*EXERCISE*
Given the records below, would you repeat exactly the lines that begin at the one containing "using n by (simp" and end at the one containing "(auto simp: integrable_measure_pmf_finite", inclusive?
(DATA SHOWN Opens)
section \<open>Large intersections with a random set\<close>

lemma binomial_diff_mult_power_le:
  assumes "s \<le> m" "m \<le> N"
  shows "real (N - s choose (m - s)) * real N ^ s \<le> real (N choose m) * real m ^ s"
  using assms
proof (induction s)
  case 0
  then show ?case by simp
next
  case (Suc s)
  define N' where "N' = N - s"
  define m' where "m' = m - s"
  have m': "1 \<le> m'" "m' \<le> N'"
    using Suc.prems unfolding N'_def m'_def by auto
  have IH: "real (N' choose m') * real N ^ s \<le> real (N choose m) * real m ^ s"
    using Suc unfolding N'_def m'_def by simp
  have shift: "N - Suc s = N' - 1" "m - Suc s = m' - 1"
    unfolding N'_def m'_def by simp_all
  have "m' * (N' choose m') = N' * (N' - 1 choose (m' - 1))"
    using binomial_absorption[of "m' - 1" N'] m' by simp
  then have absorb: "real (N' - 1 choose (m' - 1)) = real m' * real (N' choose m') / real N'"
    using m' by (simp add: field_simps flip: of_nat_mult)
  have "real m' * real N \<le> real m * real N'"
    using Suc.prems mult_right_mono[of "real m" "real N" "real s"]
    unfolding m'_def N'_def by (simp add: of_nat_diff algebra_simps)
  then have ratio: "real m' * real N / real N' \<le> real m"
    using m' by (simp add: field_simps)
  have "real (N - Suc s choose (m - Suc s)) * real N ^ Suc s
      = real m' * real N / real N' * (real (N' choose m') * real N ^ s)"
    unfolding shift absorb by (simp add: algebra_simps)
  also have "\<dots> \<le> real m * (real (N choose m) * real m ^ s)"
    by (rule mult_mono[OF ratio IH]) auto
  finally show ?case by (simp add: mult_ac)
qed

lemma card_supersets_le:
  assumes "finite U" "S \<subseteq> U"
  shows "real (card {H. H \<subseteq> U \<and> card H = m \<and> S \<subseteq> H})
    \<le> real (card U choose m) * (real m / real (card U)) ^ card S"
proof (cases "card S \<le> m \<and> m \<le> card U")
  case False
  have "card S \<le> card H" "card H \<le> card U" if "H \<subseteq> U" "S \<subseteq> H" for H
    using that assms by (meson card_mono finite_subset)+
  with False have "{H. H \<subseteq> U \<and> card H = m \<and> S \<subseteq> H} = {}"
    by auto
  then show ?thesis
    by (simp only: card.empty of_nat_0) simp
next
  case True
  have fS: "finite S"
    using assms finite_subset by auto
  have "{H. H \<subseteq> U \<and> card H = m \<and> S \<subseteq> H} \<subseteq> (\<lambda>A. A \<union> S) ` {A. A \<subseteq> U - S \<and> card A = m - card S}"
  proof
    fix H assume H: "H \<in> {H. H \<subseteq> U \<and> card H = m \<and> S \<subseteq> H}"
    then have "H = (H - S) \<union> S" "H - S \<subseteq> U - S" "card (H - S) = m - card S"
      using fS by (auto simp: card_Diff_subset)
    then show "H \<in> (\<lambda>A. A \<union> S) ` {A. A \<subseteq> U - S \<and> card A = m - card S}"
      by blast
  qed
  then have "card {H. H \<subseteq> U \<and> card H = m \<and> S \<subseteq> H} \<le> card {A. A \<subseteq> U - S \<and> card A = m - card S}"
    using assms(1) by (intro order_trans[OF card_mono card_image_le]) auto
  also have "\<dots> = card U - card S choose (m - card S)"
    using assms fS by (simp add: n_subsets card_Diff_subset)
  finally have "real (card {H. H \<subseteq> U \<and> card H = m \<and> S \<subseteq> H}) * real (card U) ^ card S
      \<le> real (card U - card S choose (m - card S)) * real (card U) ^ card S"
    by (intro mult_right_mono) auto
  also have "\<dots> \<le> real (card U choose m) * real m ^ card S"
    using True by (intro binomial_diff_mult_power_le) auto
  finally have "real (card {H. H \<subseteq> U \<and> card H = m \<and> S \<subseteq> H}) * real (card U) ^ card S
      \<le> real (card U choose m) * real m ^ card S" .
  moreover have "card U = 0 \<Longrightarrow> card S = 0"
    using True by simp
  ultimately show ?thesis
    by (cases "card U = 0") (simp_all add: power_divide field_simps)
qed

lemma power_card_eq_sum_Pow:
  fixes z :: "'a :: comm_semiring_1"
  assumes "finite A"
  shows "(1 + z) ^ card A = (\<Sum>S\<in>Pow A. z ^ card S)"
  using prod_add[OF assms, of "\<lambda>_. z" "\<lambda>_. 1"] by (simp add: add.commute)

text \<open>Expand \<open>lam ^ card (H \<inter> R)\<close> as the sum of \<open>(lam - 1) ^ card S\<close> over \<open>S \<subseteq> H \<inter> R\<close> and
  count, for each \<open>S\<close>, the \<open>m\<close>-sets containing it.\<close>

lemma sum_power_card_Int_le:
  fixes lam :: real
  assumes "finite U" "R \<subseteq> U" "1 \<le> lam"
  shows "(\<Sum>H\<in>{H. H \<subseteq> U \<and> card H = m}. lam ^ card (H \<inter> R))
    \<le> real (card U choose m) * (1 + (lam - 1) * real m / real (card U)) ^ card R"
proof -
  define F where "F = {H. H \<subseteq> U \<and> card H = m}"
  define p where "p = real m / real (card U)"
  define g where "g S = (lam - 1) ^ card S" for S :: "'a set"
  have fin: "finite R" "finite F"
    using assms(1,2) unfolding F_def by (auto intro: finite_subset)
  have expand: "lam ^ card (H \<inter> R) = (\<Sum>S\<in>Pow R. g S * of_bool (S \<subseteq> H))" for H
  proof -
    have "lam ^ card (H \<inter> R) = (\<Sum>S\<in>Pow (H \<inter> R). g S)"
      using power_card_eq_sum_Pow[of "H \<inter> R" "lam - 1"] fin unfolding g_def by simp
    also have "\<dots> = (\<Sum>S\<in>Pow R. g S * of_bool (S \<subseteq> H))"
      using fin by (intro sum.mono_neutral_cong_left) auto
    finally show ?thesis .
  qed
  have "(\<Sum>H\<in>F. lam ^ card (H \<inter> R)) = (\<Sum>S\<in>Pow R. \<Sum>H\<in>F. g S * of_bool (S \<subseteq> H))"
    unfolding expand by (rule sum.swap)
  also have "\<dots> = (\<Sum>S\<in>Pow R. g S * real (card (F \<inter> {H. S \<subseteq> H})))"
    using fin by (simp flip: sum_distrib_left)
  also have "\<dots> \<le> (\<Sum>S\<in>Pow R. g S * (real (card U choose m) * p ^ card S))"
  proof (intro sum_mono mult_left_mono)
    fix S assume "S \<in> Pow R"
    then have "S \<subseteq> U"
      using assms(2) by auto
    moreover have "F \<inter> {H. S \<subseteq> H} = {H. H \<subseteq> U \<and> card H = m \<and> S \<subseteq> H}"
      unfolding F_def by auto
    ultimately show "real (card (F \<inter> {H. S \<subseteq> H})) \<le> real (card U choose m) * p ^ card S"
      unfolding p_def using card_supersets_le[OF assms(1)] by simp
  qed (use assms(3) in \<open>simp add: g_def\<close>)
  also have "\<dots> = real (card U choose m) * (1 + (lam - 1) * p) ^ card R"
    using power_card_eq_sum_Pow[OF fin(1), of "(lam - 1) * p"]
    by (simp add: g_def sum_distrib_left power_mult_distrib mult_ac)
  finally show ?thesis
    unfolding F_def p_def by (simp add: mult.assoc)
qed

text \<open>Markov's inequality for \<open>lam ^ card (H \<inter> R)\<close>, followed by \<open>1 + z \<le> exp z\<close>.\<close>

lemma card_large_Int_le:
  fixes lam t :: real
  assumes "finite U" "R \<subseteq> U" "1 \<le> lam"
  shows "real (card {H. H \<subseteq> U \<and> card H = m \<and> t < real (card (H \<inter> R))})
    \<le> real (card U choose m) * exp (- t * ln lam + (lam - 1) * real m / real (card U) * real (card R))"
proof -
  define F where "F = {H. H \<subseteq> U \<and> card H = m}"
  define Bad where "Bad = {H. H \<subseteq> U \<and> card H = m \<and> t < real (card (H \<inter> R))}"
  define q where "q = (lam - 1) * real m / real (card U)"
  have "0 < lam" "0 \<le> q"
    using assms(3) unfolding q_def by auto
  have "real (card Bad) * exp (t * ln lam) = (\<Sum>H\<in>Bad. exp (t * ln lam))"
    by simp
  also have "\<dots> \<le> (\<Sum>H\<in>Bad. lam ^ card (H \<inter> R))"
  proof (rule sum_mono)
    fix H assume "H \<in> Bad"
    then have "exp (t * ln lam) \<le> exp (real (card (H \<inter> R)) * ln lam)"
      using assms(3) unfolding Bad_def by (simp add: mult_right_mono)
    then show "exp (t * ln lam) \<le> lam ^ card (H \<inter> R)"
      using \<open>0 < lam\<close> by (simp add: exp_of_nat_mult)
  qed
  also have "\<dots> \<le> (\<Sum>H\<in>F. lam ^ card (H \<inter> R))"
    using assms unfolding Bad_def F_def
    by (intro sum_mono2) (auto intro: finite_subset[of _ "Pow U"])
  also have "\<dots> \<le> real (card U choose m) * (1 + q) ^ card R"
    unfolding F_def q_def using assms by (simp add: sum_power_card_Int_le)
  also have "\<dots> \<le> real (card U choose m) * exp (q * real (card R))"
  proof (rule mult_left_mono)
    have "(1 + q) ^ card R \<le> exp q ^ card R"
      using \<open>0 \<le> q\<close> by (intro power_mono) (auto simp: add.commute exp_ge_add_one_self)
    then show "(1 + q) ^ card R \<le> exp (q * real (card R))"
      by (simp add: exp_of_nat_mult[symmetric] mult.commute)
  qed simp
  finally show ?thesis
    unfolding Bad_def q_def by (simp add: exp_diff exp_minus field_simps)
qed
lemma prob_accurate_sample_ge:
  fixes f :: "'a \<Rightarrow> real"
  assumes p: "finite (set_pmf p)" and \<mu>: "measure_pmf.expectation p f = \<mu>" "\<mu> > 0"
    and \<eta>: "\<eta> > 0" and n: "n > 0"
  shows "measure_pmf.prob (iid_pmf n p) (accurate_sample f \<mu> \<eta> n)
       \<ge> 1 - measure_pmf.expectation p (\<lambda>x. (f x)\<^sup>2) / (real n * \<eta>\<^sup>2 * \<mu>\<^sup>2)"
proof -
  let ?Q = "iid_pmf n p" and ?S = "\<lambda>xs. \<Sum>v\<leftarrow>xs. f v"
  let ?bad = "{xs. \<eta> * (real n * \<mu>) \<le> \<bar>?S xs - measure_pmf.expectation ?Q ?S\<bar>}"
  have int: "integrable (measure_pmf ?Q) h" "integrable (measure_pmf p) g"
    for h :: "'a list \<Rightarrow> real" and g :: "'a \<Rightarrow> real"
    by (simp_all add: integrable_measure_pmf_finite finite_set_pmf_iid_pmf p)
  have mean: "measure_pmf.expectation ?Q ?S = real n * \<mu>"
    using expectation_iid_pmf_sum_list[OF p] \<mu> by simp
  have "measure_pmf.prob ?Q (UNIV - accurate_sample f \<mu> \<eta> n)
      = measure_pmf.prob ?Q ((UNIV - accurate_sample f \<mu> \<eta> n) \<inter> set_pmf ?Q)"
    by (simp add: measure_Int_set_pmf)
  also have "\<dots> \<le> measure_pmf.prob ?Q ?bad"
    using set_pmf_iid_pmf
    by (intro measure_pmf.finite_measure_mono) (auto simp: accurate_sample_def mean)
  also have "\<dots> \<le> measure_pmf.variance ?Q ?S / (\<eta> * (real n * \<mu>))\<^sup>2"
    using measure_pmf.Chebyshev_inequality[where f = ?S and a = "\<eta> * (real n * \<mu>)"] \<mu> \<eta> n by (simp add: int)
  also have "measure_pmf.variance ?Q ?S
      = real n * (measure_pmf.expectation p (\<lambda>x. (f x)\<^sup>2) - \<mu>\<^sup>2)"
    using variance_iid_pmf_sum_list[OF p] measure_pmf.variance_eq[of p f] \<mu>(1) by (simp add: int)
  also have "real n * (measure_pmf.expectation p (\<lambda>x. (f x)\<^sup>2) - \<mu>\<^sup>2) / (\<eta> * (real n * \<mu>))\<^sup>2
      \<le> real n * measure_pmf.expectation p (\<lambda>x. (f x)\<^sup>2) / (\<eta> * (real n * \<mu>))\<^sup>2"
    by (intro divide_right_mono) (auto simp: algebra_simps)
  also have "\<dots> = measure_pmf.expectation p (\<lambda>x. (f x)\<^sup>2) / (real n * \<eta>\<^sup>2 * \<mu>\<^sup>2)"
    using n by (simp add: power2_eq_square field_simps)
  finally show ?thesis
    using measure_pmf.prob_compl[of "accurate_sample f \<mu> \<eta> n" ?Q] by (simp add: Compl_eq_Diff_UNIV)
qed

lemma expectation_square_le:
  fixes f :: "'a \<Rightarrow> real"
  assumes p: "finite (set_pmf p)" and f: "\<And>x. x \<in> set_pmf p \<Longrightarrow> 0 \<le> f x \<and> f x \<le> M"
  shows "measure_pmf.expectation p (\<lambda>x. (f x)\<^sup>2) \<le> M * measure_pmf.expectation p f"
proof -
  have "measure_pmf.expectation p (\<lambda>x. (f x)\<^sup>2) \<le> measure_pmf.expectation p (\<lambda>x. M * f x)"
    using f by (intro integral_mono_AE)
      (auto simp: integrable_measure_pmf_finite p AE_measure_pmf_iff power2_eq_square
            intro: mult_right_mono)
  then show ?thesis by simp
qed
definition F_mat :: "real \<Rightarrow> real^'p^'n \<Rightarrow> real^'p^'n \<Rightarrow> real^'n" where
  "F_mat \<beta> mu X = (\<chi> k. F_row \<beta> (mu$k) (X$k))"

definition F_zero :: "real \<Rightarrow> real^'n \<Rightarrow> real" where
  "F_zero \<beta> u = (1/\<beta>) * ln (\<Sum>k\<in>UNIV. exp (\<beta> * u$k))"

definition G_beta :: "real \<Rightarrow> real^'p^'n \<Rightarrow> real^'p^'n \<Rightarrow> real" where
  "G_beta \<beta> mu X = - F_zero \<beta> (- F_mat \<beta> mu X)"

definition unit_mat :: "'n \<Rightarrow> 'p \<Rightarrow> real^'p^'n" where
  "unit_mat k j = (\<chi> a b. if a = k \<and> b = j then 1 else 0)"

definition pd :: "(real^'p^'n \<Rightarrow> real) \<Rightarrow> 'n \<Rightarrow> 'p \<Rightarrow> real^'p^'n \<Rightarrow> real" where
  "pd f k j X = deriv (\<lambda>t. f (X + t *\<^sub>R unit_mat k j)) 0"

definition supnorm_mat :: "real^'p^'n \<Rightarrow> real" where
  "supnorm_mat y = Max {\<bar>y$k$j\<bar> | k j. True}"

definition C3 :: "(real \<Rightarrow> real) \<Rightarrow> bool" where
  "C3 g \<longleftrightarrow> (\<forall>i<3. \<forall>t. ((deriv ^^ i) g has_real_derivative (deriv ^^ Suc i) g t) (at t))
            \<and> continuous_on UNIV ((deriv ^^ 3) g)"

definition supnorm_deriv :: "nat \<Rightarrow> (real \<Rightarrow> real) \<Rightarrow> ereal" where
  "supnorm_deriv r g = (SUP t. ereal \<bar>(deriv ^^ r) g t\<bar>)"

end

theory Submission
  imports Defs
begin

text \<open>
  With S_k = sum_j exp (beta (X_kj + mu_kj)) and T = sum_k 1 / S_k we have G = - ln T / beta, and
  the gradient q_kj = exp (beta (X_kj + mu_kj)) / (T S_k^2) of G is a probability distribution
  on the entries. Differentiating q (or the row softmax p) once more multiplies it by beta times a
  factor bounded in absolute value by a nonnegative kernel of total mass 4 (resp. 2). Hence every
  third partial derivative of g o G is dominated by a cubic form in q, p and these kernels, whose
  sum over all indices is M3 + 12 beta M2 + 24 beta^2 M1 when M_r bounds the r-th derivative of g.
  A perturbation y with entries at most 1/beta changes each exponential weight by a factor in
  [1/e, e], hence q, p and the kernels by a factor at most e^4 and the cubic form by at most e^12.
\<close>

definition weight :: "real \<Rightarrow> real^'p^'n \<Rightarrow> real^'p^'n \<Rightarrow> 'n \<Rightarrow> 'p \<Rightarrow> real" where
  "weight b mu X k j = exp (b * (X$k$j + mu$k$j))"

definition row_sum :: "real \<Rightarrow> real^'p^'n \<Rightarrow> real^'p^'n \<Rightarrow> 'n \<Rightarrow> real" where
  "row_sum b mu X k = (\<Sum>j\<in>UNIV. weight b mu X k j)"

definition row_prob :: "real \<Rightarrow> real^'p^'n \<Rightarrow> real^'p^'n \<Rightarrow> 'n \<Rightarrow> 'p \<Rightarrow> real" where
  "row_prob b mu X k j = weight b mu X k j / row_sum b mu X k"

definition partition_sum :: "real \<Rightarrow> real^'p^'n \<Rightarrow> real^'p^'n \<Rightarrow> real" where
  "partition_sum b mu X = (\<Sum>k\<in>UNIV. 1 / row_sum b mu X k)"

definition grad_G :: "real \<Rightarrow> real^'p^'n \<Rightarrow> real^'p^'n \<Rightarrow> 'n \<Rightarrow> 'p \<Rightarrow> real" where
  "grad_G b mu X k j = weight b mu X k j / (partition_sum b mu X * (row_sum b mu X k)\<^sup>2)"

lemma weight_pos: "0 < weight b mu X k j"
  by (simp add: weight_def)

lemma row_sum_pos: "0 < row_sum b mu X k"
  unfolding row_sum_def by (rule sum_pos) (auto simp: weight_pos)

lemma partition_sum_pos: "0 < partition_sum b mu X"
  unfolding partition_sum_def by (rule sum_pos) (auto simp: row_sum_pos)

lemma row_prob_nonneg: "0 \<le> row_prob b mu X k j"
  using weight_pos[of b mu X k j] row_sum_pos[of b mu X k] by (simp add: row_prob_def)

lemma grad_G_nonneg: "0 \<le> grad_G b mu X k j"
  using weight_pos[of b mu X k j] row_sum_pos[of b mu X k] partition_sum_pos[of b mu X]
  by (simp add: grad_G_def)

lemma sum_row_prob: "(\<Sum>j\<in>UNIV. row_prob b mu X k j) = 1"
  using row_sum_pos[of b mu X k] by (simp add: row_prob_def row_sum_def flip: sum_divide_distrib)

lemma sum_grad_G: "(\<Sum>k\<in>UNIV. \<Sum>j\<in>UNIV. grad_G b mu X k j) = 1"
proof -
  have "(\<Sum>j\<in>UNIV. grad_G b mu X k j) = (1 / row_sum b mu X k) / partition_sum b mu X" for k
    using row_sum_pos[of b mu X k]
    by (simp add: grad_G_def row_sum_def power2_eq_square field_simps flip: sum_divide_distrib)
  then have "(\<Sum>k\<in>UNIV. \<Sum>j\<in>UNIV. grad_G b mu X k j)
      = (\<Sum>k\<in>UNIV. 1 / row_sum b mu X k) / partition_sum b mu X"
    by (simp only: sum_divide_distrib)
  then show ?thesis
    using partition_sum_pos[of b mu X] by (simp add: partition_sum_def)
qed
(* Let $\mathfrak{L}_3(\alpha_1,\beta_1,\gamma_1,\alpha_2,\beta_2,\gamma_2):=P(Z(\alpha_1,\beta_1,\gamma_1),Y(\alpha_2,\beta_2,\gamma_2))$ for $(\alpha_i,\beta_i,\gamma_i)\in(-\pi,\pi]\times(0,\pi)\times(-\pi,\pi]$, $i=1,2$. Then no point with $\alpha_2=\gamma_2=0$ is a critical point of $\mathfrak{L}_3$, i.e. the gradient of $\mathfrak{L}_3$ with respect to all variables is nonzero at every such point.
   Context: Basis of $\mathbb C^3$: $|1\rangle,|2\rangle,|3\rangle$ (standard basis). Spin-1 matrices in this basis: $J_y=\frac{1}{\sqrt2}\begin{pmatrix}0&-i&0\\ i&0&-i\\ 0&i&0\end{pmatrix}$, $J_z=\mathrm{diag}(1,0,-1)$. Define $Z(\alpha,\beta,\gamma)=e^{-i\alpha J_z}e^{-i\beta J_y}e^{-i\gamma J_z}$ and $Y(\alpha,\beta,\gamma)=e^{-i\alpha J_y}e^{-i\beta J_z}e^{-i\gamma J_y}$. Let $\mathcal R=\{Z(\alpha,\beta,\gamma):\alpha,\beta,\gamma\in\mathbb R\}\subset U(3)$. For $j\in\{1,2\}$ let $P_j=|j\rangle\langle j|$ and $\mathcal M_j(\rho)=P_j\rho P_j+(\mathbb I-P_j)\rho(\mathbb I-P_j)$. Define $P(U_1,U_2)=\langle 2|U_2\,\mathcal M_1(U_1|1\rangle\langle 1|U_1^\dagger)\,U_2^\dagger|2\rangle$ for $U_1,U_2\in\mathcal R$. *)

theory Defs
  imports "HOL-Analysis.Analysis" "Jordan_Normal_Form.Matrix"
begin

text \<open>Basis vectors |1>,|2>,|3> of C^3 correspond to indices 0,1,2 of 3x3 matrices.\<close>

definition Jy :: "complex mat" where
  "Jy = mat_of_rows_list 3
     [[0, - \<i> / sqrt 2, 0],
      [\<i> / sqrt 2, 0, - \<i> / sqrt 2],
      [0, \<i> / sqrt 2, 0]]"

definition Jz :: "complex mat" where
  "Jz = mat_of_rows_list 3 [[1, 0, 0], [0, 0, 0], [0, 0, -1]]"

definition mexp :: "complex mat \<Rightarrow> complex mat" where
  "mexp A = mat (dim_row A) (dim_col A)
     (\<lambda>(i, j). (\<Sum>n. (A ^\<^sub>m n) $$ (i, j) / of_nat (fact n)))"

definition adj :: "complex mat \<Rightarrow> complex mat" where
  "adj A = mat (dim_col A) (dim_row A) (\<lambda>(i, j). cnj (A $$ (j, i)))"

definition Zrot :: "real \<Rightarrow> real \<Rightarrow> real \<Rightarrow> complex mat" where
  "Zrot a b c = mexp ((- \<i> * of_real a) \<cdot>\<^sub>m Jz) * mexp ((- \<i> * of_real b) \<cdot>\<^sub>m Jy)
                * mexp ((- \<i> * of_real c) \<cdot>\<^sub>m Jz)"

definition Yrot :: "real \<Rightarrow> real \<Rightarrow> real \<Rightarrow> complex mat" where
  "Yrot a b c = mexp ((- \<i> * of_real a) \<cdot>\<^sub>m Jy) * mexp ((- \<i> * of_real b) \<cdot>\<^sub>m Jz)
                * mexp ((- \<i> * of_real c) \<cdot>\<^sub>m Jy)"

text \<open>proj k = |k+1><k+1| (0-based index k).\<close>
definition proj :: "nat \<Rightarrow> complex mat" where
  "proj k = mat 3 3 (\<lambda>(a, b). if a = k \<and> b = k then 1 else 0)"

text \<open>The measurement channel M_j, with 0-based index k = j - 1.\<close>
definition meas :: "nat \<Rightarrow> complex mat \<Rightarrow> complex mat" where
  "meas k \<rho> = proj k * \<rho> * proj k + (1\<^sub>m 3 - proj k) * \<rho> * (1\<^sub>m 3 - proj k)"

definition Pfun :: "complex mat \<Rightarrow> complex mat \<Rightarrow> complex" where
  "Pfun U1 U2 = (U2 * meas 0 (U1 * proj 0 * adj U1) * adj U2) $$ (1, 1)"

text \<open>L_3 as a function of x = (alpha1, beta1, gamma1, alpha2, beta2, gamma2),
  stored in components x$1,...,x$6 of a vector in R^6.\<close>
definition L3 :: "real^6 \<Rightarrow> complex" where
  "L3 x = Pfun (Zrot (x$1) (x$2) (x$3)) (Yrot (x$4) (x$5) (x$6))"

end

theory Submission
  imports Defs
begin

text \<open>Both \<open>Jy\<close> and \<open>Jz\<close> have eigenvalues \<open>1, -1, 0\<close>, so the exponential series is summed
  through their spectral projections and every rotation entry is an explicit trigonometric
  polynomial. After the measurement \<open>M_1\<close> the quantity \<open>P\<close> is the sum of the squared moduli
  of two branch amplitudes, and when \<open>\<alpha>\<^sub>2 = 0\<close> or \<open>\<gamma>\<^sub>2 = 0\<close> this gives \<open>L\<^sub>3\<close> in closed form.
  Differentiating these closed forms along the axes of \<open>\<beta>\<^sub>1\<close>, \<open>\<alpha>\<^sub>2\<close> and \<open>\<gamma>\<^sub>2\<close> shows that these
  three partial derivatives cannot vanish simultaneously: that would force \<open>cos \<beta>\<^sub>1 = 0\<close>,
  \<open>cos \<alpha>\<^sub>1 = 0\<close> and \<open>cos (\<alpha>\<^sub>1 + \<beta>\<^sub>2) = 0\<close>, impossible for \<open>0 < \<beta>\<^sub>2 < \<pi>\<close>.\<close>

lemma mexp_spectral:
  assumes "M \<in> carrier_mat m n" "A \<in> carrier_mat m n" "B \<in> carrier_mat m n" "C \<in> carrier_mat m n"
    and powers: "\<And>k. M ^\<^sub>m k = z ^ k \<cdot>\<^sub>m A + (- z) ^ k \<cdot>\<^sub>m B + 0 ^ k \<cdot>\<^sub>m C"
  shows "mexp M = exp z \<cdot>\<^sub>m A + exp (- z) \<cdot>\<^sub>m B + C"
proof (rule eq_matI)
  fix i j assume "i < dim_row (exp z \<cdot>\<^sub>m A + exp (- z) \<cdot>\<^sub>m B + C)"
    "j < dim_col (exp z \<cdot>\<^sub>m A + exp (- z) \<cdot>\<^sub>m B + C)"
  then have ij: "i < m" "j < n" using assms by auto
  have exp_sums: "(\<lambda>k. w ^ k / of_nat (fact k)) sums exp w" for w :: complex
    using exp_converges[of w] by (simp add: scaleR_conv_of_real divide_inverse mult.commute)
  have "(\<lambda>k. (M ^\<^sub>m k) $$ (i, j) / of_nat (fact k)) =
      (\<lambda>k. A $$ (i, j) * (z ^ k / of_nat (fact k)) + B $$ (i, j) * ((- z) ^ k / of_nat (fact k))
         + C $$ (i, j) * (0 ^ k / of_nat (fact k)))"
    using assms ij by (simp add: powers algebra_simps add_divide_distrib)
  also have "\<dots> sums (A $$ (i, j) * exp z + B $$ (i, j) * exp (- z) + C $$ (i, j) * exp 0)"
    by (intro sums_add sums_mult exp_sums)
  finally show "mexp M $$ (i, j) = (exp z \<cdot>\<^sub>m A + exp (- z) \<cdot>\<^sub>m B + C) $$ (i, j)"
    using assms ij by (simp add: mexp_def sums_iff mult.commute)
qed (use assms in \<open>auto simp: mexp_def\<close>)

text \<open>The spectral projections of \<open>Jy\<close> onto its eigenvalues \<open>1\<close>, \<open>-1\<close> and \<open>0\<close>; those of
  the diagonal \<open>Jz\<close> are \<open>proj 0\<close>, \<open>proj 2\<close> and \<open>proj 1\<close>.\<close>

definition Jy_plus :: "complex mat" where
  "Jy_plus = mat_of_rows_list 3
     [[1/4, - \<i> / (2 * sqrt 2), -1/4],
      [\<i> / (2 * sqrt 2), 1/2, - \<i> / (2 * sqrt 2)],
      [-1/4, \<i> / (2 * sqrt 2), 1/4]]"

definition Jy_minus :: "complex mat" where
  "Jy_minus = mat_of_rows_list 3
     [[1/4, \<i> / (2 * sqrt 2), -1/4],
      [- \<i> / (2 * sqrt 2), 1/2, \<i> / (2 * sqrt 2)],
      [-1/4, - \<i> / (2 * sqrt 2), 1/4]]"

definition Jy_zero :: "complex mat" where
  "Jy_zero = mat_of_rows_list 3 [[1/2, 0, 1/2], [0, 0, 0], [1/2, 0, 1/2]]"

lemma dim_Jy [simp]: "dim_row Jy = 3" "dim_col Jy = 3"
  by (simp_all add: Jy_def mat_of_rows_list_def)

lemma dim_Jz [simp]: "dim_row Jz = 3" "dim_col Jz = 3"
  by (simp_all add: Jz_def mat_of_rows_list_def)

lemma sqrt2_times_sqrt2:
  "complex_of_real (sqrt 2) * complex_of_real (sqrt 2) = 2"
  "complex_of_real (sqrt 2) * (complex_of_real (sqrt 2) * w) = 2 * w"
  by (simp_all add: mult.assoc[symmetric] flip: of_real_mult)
(DATA SHOWN Closes)
*SOLUTION*
    using n by (simp add: power2_eq_square field_simps)
  finally show ?thesis
    using measure_pmf.prob_compl[of "accurate_sample f \<mu> \<eta> n" ?Q] by (simp add: Compl_eq_Diff_UNIV)
qed

lemma expectation_square_le:
  fixes f :: "'a \<Rightarrow> real"
  assumes p: "finite (set_pmf p)" and f: "\<And>x. x \<in> set_pmf p \<Longrightarrow> 0 \<le> f x \<and> f x \<le> M"
  shows "measure_pmf.expectation p (\<lambda>x. (f x)\<^sup>2) \<le> M * measure_pmf.expectation p f"
proof -
  have "measure_pmf.expectation p (\<lambda>x. (f x)\<^sup>2) \<le> measure_pmf.expectation p (\<lambda>x. M * f x)"
    using f by (intro integral_mono_AE)
      (auto simp: integrable_measure_pmf_finite p AE_measure_pmf_iff power2_eq_square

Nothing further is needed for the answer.